This past week I spent several days in Homer, the little N. Louisiana town where I grew up. I went there to attend my 50th high school reunion, and once I got used to the idea that I actually graduated that long ago, I began looking forward to the event.
Almost as soon as I arrived at the afternoon gathering which opened the festivities, I learned that 11 of my 48 classmates were dead, 2 from suicide. Then I talked with another classmate to whom I was particularly close, and I asked about his older brother. He spoke in hushed tones: “Oh, he’s been dead for 30 years. He killed himself.” Welcome to Reality Reunion. I wondered if this percentage of losses was normal, or if we were particularly prone to death–at least the men in our class, for 10 of the deceased were men.
My classmates were grown-ups. They were (mostly) not playing games or being shy or competing. They were just who they are, and glad to be there with one another. The beauty queens were still pretty, if a bit thicker at the waist. Some of us nerds had blossomed into more attractive adults. People mainly had stayed married, many to hometown friends.
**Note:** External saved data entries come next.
theorem mainTheorem8:
  fixes \<Gamma> :: "(complex \<Rightarrow> complex) set"
    and F :: "complex \<times> (complex \<times> real) \<Rightarrow> complex"
  assumes "surface_group \<Gamma>"
    and "continuous_on (ball 0 1 \<times> X0) F"
    and "\<And>z \<zeta> \<zeta>'. z \<in> ball 0 1 \<Longrightarrow> \<zeta> \<in> sphere 0 1 \<Longrightarrow> \<zeta>' \<in> sphere 0 1 \<Longrightarrow>
           F (z, (\<zeta>, 0)) = F (z, (\<zeta>', 0))"
    and "\<And>z \<zeta> \<zeta>'. z \<in> ball 0 1 \<Longrightarrow> \<zeta> \<in> sphere 0 1 \<Longrightarrow> \<zeta>' \<in> sphere 0 1 \<Longrightarrow>
           F (z, (\<zeta>, 2*pi)) = F (z, (\<zeta>', 2*pi))"
    and "\<And>g z x. g \<in> \<Gamma> \<Longrightarrow> z \<in> ball 0 1 \<Longrightarrow> x \<in> X0 \<Longrightarrow> F (g z, arc_act g x) = F (z, x)"
    and "\<And>x. x \<in> X0 \<Longrightarrow> (\<lambda>z. F (z, x)) holomorphic_on ball 0 1"
  shows "\<forall>x\<in>X0. \<forall>z\<in>ball 0 1. \<forall>w\<in>ball 0 1. F (z, x) = F (w, x)"
proof -
  obtain K where K: "compact K" "K \<subseteq> ball 0 1" "\<And>z. z \<in> ball 0 1 \<Longrightarrow> \<exists>h\<in>\<Gamma>. h z \<in> K"
    using surface_group_orbits_meet_compact[OF assms(1)] by blast
  interpret leafwise_holomorphic_invariant \<Gamma> K F
  proof
    show "F (z, (\<zeta>, t)) = F (z, (\<zeta>', t))"
      if "z \<in> ball 0 1" "norm \<zeta> = 1" "norm \<zeta>' = 1" "t = 0 \<or> t = 2*pi" for z \<zeta> \<zeta>' t
      using that assms(3)[of z \<zeta> \<zeta>'] assms(4)[of z \<zeta> \<zeta>'] by auto
  qed (fact surface_group_disc_aut[OF assms(1)] K assms(2,5,6))+
  show ?thesis
  proof (intro ballI)
    fix x and z w :: complex assume x: "x \<in> X0" and z: "z \<in> ball 0 1" and w: "w \<in> ball 0 1"
    obtain \<zeta> t where x_eq: "x = (\<zeta>, t)" and \<zeta>: "norm \<zeta> = 1" and t: "0 \<le> t" "t \<le> 2*pi"
      using x unfolding X0_def by auto
    show "F (z, x) = F (w, x)"
    proof (cases "t = 0 \<or> t = 2*pi")
      case True
      then show ?thesis using F_pole_leaf_const[OF True z w \<zeta> \<zeta>] x_eq by simp
    next
      case False
      then have "0 < t" "t < 2*pi" using t by auto
      then show ?thesis using F_arc_leaf_eq_pole_value[OF \<zeta> _ _ z] F_arc_leaf_eq_pole_value[OF \<zeta> _ _ w] x_eq by simp
    qed
  qed
qed

end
One woman I knew well had had a stroke and needed to remain seated. Another who had been my college roommate had had a double mastectomy and had almost died a couple of years ago from a blood clot racing to her heart. The top student in our class looked great–he had become a doctor, board certified in two specialties. But his wife barely made it to the reunion. She was suffering from a neurological disease which almost killed her last year, he said. She looked pale and drawn. He reminded me that in high school he and I “had been competitive.”
Maybe we had. I didn’t remember it that way. And now, what did it matter? My classmates and I laughed and talked, lost in memories, There was nostalgia and real joy, and yet all the talk seemed somehow laced with a nervous hum. We were all standing on the edge of time, and we knew it.
The slights were recalled: the time I was left out of the pallet party, the way I always sat on the end when our group went to the movie, the fact that I never, never had a date, not even to the prom. It didn’t matter. Many dreams had been dashed, mine and theirs, sooner or later. We had all suffered, and we would all suffer still more. And each of us would die. We had each had our little triumphs, our moments of joy. Each had taken a.different path, some more exalted than others, and yet each had in common, this keen sense of mortality. We came together for this brief time, we touched, and all was forgiven.
So you can’t go home again. There’s no margin in doing so, for that home is frozen in time, is merely memory, and no longer exists, as soon as you step out of that page of your life. You bring this new self, your changed self, back into that remembered time, and you smile. You wish you had known then what you know now: we’re all afraid that we’re not enough. In those trying high school years, each of us needed a little bit of kindness, some affirmation. We still do. It’s never too late.